Task prompt —
Check every line of the entries for "longrightarrow", and copy the lines that hold it.
===== Working data =====
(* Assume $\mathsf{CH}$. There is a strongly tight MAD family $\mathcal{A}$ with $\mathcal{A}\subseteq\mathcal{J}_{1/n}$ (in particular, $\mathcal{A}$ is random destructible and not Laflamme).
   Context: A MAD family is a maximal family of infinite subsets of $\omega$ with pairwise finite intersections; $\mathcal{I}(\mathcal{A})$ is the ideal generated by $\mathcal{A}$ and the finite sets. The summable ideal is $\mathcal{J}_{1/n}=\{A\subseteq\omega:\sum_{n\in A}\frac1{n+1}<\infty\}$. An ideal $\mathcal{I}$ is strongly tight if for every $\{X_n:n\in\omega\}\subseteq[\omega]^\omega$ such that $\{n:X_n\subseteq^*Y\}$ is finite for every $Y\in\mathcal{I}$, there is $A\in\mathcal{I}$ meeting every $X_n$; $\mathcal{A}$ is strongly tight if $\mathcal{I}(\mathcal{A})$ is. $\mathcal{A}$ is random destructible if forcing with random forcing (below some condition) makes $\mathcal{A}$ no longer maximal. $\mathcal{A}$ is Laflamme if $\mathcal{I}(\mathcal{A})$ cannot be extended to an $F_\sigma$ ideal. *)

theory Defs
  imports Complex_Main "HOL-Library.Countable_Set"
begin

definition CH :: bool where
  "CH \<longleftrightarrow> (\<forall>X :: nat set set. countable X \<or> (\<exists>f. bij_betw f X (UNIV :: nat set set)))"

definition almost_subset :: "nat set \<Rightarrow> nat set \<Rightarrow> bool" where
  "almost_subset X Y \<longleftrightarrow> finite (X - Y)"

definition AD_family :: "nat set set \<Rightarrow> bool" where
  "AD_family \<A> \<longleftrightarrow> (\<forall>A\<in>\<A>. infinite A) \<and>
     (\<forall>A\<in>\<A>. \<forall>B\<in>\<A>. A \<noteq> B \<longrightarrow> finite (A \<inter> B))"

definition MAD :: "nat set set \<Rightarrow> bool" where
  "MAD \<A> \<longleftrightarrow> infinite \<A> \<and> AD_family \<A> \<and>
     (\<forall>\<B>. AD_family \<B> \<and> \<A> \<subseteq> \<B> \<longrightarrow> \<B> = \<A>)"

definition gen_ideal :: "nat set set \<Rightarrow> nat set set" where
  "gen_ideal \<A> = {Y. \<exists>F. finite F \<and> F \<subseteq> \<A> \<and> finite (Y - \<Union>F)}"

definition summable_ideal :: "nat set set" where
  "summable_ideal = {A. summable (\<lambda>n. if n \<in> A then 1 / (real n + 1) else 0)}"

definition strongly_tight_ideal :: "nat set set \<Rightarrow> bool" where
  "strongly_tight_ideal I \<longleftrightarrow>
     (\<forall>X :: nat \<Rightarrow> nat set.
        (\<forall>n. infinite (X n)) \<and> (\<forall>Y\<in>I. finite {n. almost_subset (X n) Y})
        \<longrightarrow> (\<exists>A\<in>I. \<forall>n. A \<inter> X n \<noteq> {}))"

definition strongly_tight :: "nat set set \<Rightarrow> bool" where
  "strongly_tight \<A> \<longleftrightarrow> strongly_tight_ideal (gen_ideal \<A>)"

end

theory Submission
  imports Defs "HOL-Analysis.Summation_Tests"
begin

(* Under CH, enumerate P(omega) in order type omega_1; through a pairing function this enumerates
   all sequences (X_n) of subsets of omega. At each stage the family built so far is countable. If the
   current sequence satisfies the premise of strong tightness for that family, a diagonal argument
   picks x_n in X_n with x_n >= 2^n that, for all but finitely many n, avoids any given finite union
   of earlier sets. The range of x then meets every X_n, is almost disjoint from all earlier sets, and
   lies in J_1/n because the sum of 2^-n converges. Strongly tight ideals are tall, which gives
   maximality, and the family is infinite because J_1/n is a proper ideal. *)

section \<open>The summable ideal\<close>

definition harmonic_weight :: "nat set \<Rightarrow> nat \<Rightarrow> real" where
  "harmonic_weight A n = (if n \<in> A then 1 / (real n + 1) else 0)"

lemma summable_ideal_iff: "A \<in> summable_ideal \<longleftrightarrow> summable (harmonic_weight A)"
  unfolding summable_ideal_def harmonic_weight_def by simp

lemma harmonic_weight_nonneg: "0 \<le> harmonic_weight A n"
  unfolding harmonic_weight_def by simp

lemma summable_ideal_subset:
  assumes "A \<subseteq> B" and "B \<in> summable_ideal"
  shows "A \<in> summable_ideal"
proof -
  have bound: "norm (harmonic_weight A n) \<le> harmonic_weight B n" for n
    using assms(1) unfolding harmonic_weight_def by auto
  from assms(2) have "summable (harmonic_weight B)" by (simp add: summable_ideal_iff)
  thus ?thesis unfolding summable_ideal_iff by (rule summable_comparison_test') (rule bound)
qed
=====
===== Working data =====
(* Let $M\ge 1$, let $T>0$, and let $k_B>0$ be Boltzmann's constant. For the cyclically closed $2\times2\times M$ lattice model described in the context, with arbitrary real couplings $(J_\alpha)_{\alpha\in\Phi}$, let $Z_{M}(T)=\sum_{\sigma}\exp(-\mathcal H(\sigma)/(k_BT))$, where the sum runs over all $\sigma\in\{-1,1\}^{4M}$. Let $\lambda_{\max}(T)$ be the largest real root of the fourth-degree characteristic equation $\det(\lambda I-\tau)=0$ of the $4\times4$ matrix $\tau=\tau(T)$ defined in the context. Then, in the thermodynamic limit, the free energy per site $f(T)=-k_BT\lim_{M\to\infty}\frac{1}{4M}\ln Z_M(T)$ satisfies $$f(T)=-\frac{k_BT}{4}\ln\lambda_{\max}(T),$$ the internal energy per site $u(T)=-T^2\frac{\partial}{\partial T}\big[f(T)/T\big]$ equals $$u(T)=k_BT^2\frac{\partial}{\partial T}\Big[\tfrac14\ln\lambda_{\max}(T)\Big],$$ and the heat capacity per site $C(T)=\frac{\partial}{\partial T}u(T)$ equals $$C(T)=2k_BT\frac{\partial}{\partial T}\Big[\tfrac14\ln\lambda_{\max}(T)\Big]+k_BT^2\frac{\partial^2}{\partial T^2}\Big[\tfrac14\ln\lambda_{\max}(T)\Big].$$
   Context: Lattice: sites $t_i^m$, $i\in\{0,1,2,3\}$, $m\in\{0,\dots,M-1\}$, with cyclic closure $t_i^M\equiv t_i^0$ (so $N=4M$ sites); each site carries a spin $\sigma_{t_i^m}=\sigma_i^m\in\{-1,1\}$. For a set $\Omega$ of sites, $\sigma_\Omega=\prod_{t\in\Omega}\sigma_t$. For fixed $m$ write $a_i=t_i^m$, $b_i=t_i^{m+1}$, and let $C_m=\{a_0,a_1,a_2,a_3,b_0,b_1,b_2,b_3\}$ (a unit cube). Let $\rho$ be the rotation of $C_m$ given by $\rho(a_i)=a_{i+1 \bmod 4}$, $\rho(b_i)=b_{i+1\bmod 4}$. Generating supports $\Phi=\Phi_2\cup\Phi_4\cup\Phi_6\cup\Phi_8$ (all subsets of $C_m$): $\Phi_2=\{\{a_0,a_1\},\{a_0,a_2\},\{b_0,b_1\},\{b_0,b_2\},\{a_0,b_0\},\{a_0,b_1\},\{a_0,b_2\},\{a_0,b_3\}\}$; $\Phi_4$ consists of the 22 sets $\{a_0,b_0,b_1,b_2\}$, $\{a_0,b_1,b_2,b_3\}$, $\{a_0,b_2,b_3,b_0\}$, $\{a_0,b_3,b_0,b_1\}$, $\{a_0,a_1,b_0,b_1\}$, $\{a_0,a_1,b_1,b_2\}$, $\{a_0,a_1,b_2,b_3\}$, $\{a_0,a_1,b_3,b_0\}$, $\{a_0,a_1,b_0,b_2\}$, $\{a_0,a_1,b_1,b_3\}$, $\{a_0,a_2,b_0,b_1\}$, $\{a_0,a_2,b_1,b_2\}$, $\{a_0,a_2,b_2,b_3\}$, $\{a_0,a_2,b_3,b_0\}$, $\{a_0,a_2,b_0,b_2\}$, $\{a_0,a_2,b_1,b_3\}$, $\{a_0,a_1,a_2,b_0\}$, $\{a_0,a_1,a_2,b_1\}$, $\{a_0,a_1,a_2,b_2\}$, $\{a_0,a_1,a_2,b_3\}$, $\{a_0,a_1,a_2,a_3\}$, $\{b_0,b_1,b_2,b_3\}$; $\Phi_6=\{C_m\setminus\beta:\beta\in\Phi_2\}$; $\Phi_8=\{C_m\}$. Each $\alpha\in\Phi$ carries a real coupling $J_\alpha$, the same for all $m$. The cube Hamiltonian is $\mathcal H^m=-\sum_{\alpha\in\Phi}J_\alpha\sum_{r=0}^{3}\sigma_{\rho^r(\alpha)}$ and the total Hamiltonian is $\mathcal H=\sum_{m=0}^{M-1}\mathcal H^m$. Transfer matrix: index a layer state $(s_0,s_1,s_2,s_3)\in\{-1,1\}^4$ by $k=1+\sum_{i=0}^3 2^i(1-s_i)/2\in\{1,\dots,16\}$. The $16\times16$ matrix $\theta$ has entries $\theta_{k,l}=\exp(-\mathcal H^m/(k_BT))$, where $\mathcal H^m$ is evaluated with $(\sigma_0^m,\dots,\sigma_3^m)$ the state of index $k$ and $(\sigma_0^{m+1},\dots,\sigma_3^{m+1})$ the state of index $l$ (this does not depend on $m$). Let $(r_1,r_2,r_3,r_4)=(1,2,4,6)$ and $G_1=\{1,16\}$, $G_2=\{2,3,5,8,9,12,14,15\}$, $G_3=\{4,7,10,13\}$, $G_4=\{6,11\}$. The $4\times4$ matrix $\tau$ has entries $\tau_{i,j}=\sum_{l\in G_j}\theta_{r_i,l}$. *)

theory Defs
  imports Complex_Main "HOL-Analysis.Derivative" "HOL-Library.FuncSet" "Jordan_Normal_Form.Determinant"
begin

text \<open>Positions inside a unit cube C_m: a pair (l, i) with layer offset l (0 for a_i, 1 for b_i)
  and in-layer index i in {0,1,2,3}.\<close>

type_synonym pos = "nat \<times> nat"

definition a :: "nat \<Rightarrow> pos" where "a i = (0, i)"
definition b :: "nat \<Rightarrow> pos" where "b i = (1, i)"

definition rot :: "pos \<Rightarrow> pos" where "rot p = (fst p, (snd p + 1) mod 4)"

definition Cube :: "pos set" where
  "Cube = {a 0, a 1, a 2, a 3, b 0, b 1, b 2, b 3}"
=====
Result of the exercise —
     (\<forall>A\<in>\<A>. \<forall>B\<in>\<A>. A \<noteq> B \<longrightarrow> finite (A \<inter> B))"
     (\<forall>\<B>. AD_family \<B> \<and> \<A> \<subseteq> \<B> \<longrightarrow> \<B> = \<A>)"
        \<longrightarrow> (\<exists>A\<in>I. \<forall>n. A \<inter> X n \<noteq> {}))"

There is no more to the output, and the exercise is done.